NVIDIA Nemotron Nano V2 VL
NVIDIA, Amala Sanjay Deshmukh, Kateryna Chumachenko, Tuomas Rintamaki, Matthieu Le, Tyler Poon, Danial Mohseni Taheri, Ilia Karmanov, Guilin Liu, Jarno Seppanen, Guo Chen, Karan Sapra, Zhiding Yu, Adi Renduchintala, Charles Wang, Peter Jin, Arushi Goel, Mike Ranzinger, Lukas Voegtle, Philipp Fischer, Timo Roman, Wei Ping
2025-11-07
Summary
This paper introduces Nemotron Nano V2 VL, a new and improved artificial intelligence model that's really good at understanding both images and text, especially when dealing with things like long documents and videos.
What's the problem?
Existing AI models often struggle with understanding complex information in long-form content like lengthy documents or videos, and they can be slow to process all that data. Previous versions of Nemotron also had room for improvement in overall performance across different types of visual and textual tasks.
What's the solution?
The researchers created Nemotron Nano V2 VL by making significant changes to the model's basic structure, the data it was trained on, and the way it was trained. They used a combination of two different types of AI architectures – Mamba and Transformer – and developed clever techniques to reduce the amount of data the model needs to process, making it faster. They are also sharing the model itself, the data used to train it, and the code they used, so others can build on their work.
Why it matters?
This new model is important because it pushes the boundaries of what AI can do with real-world information. It’s better at understanding complex documents and videos, and it does so more efficiently. This could lead to improvements in many areas, like automated document processing, video analysis, and more advanced AI assistants.
Abstract
We introduce Nemotron Nano V2 VL, the latest model of the Nemotron vision-language series designed for strong real-world document understanding, long video comprehension, and reasoning tasks.
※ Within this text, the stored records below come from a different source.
lemma bilinear_estimate_R2:
  fixes f1 f2 :: "real \<times> real \<times> real \<Rightarrow> complex"
  assumes "cI > 0" and "cL > 0" and "cT > 0"
    and "dyadic_Z N1" and "dyadic_Z N2" and "dyadic_N0 L1" and "dyadic_N0 L2"
    and f1: "f1 \<in> borel_measurable M_R2" and f2: "f2 \<in> borel_measurable M_R2"
    and xi_supp: "(\<lambda>(\<tau>, \<xi>, \<eta>). \<xi>) ` supp f1 \<subseteq> {a..b}" and xi_length: "b - a \<le> cI * min N1 N2"
    and near1: "\<forall>(\<tau>, \<xi>, \<eta>) \<in> supp f1. \<bar>\<tau> - omega_alpha \<alpha> \<xi> \<eta>\<bar> \<le> cL * L1"
    and near2: "\<forall>(\<tau>, \<xi>, \<eta>) \<in> supp f2. \<bar>\<tau> - omega_alpha \<alpha> \<xi> \<eta>\<bar> \<le> cL * L2"
    and transversal: "\<forall>\<xi> \<eta> \<xi>1 \<eta>1.
      (\<xi>1, \<eta>1) \<in> (\<lambda>(\<tau>, \<xi>, \<eta>). (\<xi>, \<eta>)) ` supp f1 \<and>
      (\<xi> - \<xi>1, \<eta> - \<eta>1) \<in> (\<lambda>(\<tau>, \<xi>, \<eta>). (\<xi>, \<eta>)) ` supp f2 \<longrightarrow>
      \<bar>d_eta_omega \<xi>1 \<eta>1 - d_eta_omega (\<xi> - \<xi>1) (\<eta> - \<eta>1)\<bar> \<ge> cT * max N1 N2 powr (\<alpha> / 2)"
  shows "L2sq M_R2 (conv M_R2 f1 f2)
    \<le> ennreal (32 * cL\<^sup>2 * cI / cT * min N1 N2 * min L1 L2 * (C1_R2 \<alpha> (max L1 L2) (max N1 N2))\<^sup>2)
      * L2sq M_R2 f1 * L2sq M_R2 f2"
proof -
  have "N1 > 0" "N2 > 0" "L1 > 0" "L2 > 0"
    using assms(4-7) by (simp_all add: dyadic_Z_pos dyadic_N0_pos)
  define P where "P = max N1 N2 powr (\<alpha> / 2)"
  have "P > 0"
    using \<open>N1 > 0\<close> by (simp add: P_def)
  have min_cL: "min (cL * L1) (cL * L2) = cL * min L1 L2"
    using \<open>cL > 0\<close> by (simp add: min_def)
  have "L2sq M_R2 (conv M_R2 f1 f2)
      \<le> ennreal (4 * min (cL * L1) (cL * L2) * (cI * min N1 N2) * (2 * (2 * (cL * L1 + cL * L2) / (cT * P))))
        * L2sq M_R2 f1 * L2sq M_R2 f2"
    using L2sq_conv_le_transversal[OF translation_invariant_measure_lborel, where \<iota> = "\<lambda>x. x"
        and W = "\<lambda>D. 2 * D", OF _ _ emeasure_preimage_cball_real_le _ _ _ _ _ _ xi_supp xi_length]
      f1 f2 near1 near2 transversal \<open>cL > 0\<close> \<open>cT > 0\<close> \<open>P > 0\<close> \<open>L1 > 0\<close> \<open>L2 > 0\<close>
    unfolding M_R2_def P_def by simp
  also have "4 * min (cL * L1) (cL * L2) * (cI * min N1 N2) * (2 * (2 * (cL * L1 + cL * L2) / (cT * P)))
      = 4 * cL * cI * min N1 N2 * min L1 L2 * (4 * cL / cT * ((L1 + L2) / P))"
    unfolding min_cL using \<open>cT > 0\<close> \<open>P > 0\<close> by (simp add: field_simps)
  also have "\<dots> \<le> 4 * cL * cI * min N1 N2 * min L1 L2 * (8 * cL / cT * (max L1 L2 / P))"
    using \<open>cI > 0\<close> \<open>cL > 0\<close> \<open>cT > 0\<close> \<open>P > 0\<close> \<open>N1 > 0\<close> \<open>N2 > 0\<close> \<open>L1 > 0\<close> \<open>L2 > 0\<close>
    by (intro mult_left_mono) (simp_all add: divide_right_mono)
  also have "\<dots> = 32 * cL\<^sup>2 * cI / cT * min N1 N2 * min L1 L2 * (C1_R2 \<alpha> (max L1 L2) (max N1 N2))\<^sup>2"
    using \<open>P > 0\<close> \<open>L1 > 0\<close> by (simp add: C1_R2_def P_def power2_eq_square)
  finally show ?thesis
    by (simp add: ennreal_leI mult_right_mono)
qed


lemma bilinear_estimate_RT:
  fixes f1 f2 :: "real \<times> real \<times> int \<Rightarrow> complex"
  assumes "cI > 0" and "cL > 0" and "cT > 0"
    and "dyadic_Z N1" and "dyadic_Z N2" and "dyadic_N0 L1" and "dyadic_N0 L2"
    and f1: "f1 \<in> borel_measurable M_RT" and f2: "f2 \<in> borel_measurable M_RT"
    and xi_supp: "(\<lambda>(\<tau>, \<xi>, \<eta>). \<xi>) ` supp f1 \<subseteq> {a..b}" and xi_length: "b - a \<le> cI * min N1 N2"
    and near1: "\<forall>(\<tau>, \<xi>, \<eta>) \<in> supp f1. \<bar>\<tau> - omega_alpha \<alpha> \<xi> (real_of_int \<eta>)\<bar> \<le> cL * L1"
    and near2: "\<forall>(\<tau>, \<xi>, \<eta>) \<in> supp f2. \<bar>\<tau> - omega_alpha \<alpha> \<xi> (real_of_int \<eta>)\<bar> \<le> cL * L2"
    and transversal: "\<forall>\<xi> (\<eta>::int) \<xi>1 (\<eta>1::int).
      (\<xi>1, \<eta>1) \<in> (\<lambda>(\<tau>, \<xi>, \<eta>). (\<xi>, \<eta>)) ` supp f1 \<and>
      (\<xi> - \<xi>1, \<eta> - \<eta>1) \<in> (\<lambda>(\<tau>, \<xi>, \<eta>). (\<xi>, \<eta>)) ` supp f2 \<longrightarrow>
      \<bar>d_eta_omega \<xi>1 (real_of_int \<eta>1) - d_eta_omega (\<xi> - \<xi>1) (real_of_int (\<eta> - \<eta>1))\<bar>
        \<ge> cT * max N1 N2 powr (\<alpha> / 2)"
  shows "L2sq M_RT (conv M_RT f1 f2)
    \<le> ennreal (8 * cL * cI * (8 * cL / cT + 1) * min N1 N2 * min L1 L2
        * (C1_RT \<alpha> (max L1 L2) (max N1 N2))\<^sup>2) * L2sq M_RT f1 * L2sq M_RT f2"
proof -
  have "N1 > 0" "N2 > 0" "L1 > 0" "L2 > 0"
    using assms(4-7) by (simp_all add: dyadic_Z_pos dyadic_N0_pos)
  define P where "P = max N1 N2 powr (\<alpha> / 2)"
  have "P > 0"
    using \<open>N1 > 0\<close> by (simp add: P_def)
  define r where "r = max L1 L2 / P"
  have "r \<ge> 0"
    using \<open>P > 0\<close> \<open>L1 > 0\<close> by (simp add: r_def)
  define k where "k = 8 * cL / cT"
  have "k \<ge> 0"
    using \<open>cL > 0\<close> \<open>cT > 0\<close> by (simp add: k_def)
  have min_cL: "min (cL * L1) (cL * L2) = cL * min L1 L2"
    using \<open>cL > 0\<close> by (simp add: min_def)
  have nonneg: "0 \<le> 4 * cL * cI * min N1 N2 * min L1 L2"
    using \<open>cI > 0\<close> \<open>cL > 0\<close> \<open>N1 > 0\<close> \<open>N2 > 0\<close> \<open>L1 > 0\<close> \<open>L2 > 0\<close> by simp
  have "L2sq M_RT (conv M_RT f1 f2)
      \<le> ennreal (4 * min (cL * L1) (cL * L2) * (cI * min N1 N2) * (2 * (2 * (cL * L1 + cL * L2) / (cT * P)) + 1))
        * L2sq M_RT f1 * L2sq M_RT f2"
    using L2sq_conv_le_transversal[OF translation_invariant_measure_count_space_int, where \<iota> = real_of_int
        and W = "\<lambda>D. 2 * D + 1", OF _ _ emeasure_preimage_cball_int_le _ _ _ _ _ _ xi_supp xi_length]
      f1 f2 near1 near2 transversal \<open>cL > 0\<close> \<open>cT > 0\<close> \<open>P > 0\<close> \<open>L1 > 0\<close> \<open>L2 > 0\<close>
    unfolding M_RT_def P_def by simp
  also have "4 * min (cL * L1) (cL * L2) * (cI * min N1 N2) * (2 * (2 * (cL * L1 + cL * L2) / (cT * P)) + 1)
      = 4 * cL * cI * min N1 N2 * min L1 L2 * (k / 2 * ((L1 + L2) / P) + 1)"
    unfolding min_cL k_def using \<open>cT > 0\<close> \<open>P > 0\<close> by (simp add: field_simps)
  also have "\<dots> \<le> 4 * cL * cI * min N1 N2 * min L1 L2 * (k * r + 1)"
  proof (rule mult_left_mono[OF _ nonneg])
    have "L1 + L2 \<le> 2 * max L1 L2"
      by (simp add: max_def)
    then have "(L1 + L2) / P \<le> 2 * r"
      using divide_right_mono[of "L1 + L2" "2 * max L1 L2" P] \<open>P > 0\<close> by (simp add: r_def)
    then show "k / 2 * ((L1 + L2) / P) + 1 \<le> k * r + 1"
      using mult_left_mono[of "(L1 + L2) / P" "2 * r" "k / 2"] \<open>k \<ge> 0\<close> by simp
  qed
  also have "\<dots> \<le> 4 * cL * cI * min N1 N2 * min L1 L2 * ((k + 1) * (2 * japanese r))"
  proof (rule mult_left_mono[OF _ nonneg])
    have "k * r + 1 \<le> (k + 1) * (r + 1)"
      using \<open>k \<ge> 0\<close> \<open>r \<ge> 0\<close> by (simp add: algebra_simps)
    also have "\<dots> \<le> (k + 1) * (2 * japanese r)"
      using \<open>k \<ge> 0\<close> add_one_le_two_japanese[of r] by (intro mult_left_mono) simp_all
    finally show "k * r + 1 \<le> (k + 1) * (2 * japanese r)" .
  qed
  also have "\<dots> = 8 * cL * cI * (8 * cL / cT + 1) * min N1 N2 * min L1 L2
      * (C1_RT \<alpha> (max L1 L2) (max N1 N2))\<^sup>2"
    by (simp add: C1_RT_def japanese_def r_def P_def k_def)
  finally show ?thesis
    by (simp add: ennreal_leI mult_right_mono)
qed

theorem proposition4p1:
  fixes \<alpha> cI cL cT :: real
  assumes "\<alpha> \<ge> 2" and "cI > 0" and "cL > 0" and "cT > 0"
  shows
   "(\<exists>C>0. \<forall>(N1::real) (N2::real) (L1::real) (L2::real)
          (f1::real \<times> real \<times> real \<Rightarrow> complex) (f2::real \<times> real \<times> real \<Rightarrow> complex).
      dyadic_Z N1 \<and> dyadic_Z N2 \<and> dyadic_N0 L1 \<and> dyadic_N0 L2 \<and>
      f1 \<in> borel_measurable M_R2 \<and> f2 \<in> borel_measurable M_R2 \<and>
      (\<exists>a b. (\<lambda>(\<tau>,\<xi>,\<eta>). \<xi>) ` supp f1 \<subseteq> {a..b} \<and> b - a \<le> cI * min N1 N2) \<and>
      (\<exists>a b. (\<lambda>(\<tau>,\<xi>,\<eta>). \<xi>) ` supp f2 \<subseteq> {a..b} \<and> b - a \<le> cI * min N1 N2) \<and>
      (\<forall>(\<tau>,\<xi>,\<eta>) \<in> supp f1. \<bar>\<tau> - omega_alpha \<alpha> \<xi> \<eta>\<bar> \<le> cL * L1) \<and>
      (\<forall>(\<tau>,\<xi>,\<eta>) \<in> supp f2. \<bar>\<tau> - omega_alpha \<alpha> \<xi> \<eta>\<bar> \<le> cL * L2) \<and>
      (\<forall>\<xi> \<eta> \<xi>1 \<eta>1.
          (\<xi>1, \<eta>1) \<in> (\<lambda>(\<tau>,\<xi>,\<eta>). (\<xi>,\<eta>)) ` supp f1 \<and>
          (\<xi> - \<xi>1, \<eta> - \<eta>1) \<in> (\<lambda>(\<tau>,\<xi>,\<eta>). (\<xi>,\<eta>)) ` supp f2 \<longrightarrow>
          \<bar>d_eta_omega \<xi>1 \<eta>1 - d_eta_omega (\<xi> - \<xi>1) (\<eta> - \<eta>1)\<bar>
             \<ge> cT * max N1 N2 powr (\<alpha>/2))
      \<longrightarrow> L2sq M_R2 (conv M_R2 f1 f2)
          \<le> ennreal (C\<^sup>2 * min N1 N2 * min L1 L2 * (C1_R2 \<alpha> (max L1 L2) (max N1 N2))\<^sup>2)
             * L2sq M_R2 f1 * L2sq M_R2 f2)
  \<and> (\<exists>C>0. \<forall>(N1::real) (N2::real) (L1::real) (L2::real)
          (f1::real \<times> real \<times> int \<Rightarrow> complex) (f2::real \<times> real \<times> int \<Rightarrow> complex).
      dyadic_Z N1 \<and> dyadic_Z N2 \<and> dyadic_N0 L1 \<and> dyadic_N0 L2 \<and>
      f1 \<in> borel_measurable M_RT \<and> f2 \<in> borel_measurable M_RT \<and>
      (\<exists>a b. (\<lambda>(\<tau>,\<xi>,\<eta>). \<xi>) ` supp f1 \<subseteq> {a..b} \<and> b - a \<le> cI * min N1 N2) \<and>
      (\<exists>a b. (\<lambda>(\<tau>,\<xi>,\<eta>). \<xi>) ` supp f2 \<subseteq> {a..b} \<and> b - a \<le> cI * min N1 N2) \<and>
      (\<forall>(\<tau>,\<xi>,\<eta>) \<in> supp f1. \<bar>\<tau> - omega_alpha \<alpha> \<xi> (real_of_int \<eta>)\<bar> \<le> cL * L1) \<and>
      (\<forall>(\<tau>,\<xi>,\<eta>) \<in> supp f2. \<bar>\<tau> - omega_alpha \<alpha> \<xi> (real_of_int \<eta>)\<bar> \<le> cL * L2) \<and>
      (\<forall>\<xi> (\<eta>::int) \<xi>1 (\<eta>1::int).
          (\<xi>1, \<eta>1) \<in> (\<lambda>(\<tau>,\<xi>,\<eta>). (\<xi>,\<eta>)) ` supp f1 \<and>
          (\<xi> - \<xi>1, \<eta> - \<eta>1) \<in> (\<lambda>(\<tau>,\<xi>,\<eta>). (\<xi>,\<eta>)) ` supp f2 \<longrightarrow>
          \<bar>d_eta_omega \<xi>1 (real_of_int \<eta>1) - d_eta_omega (\<xi> - \<xi>1) (real_of_int (\<eta> - \<eta>1))\<bar>
             \<ge> cT * max N1 N2 powr (\<alpha>/2))
      \<longrightarrow> L2sq M_RT (conv M_RT f1 f2)
          \<le> ennreal (C\<^sup>2 * min N1 N2 * min L1 L2 * (C1_RT \<alpha> (max L1 L2) (max N1 N2))\<^sup>2)
             * L2sq M_RT f1 * L2sq M_RT f2)"
proof -
  have pos: "0 < 32 * cL\<^sup>2 * cI / cT" "0 < 8 * cL * cI * (8 * cL / cT + 1)"
    using assms(2-4) by (simp_all add: add_pos_pos)
  show ?thesis
    by (intro conjI[OF exI[of _ "sqrt (32 * cL\<^sup>2 * cI / cT)"] exI[of _ "sqrt (8 * cL * cI * (8 * cL / cT + 1))"]]
        conjI allI impI real_sqrt_gt_zero pos; elim conjE exE)
      (simp_all only: real_sqrt_pow2 less_imp_le[OF pos(1)] less_imp_le[OF pos(2)]
        bilinear_estimate_R2[OF assms(2-4)] bilinear_estimate_RT[OF assms(2-4)])
qed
Nemotron Nano V2 VL delivers significant improvements over our previous model, Llama-3.1-Nemotron-Nano-VL-8B, across all vision and text domains through major enhancements in model architecture, datasets, and training recipes. Nemotron Nano V2 VL builds on Nemotron Nano V2, a hybrid Mamba-Transformer LLM, and innovative token reduction techniques to achieve higher inference throughput in long document and video scenarios. We are releasing model checkpoints in BF16, FP8, and FP4 formats and sharing large parts of our datasets, recipes and training code.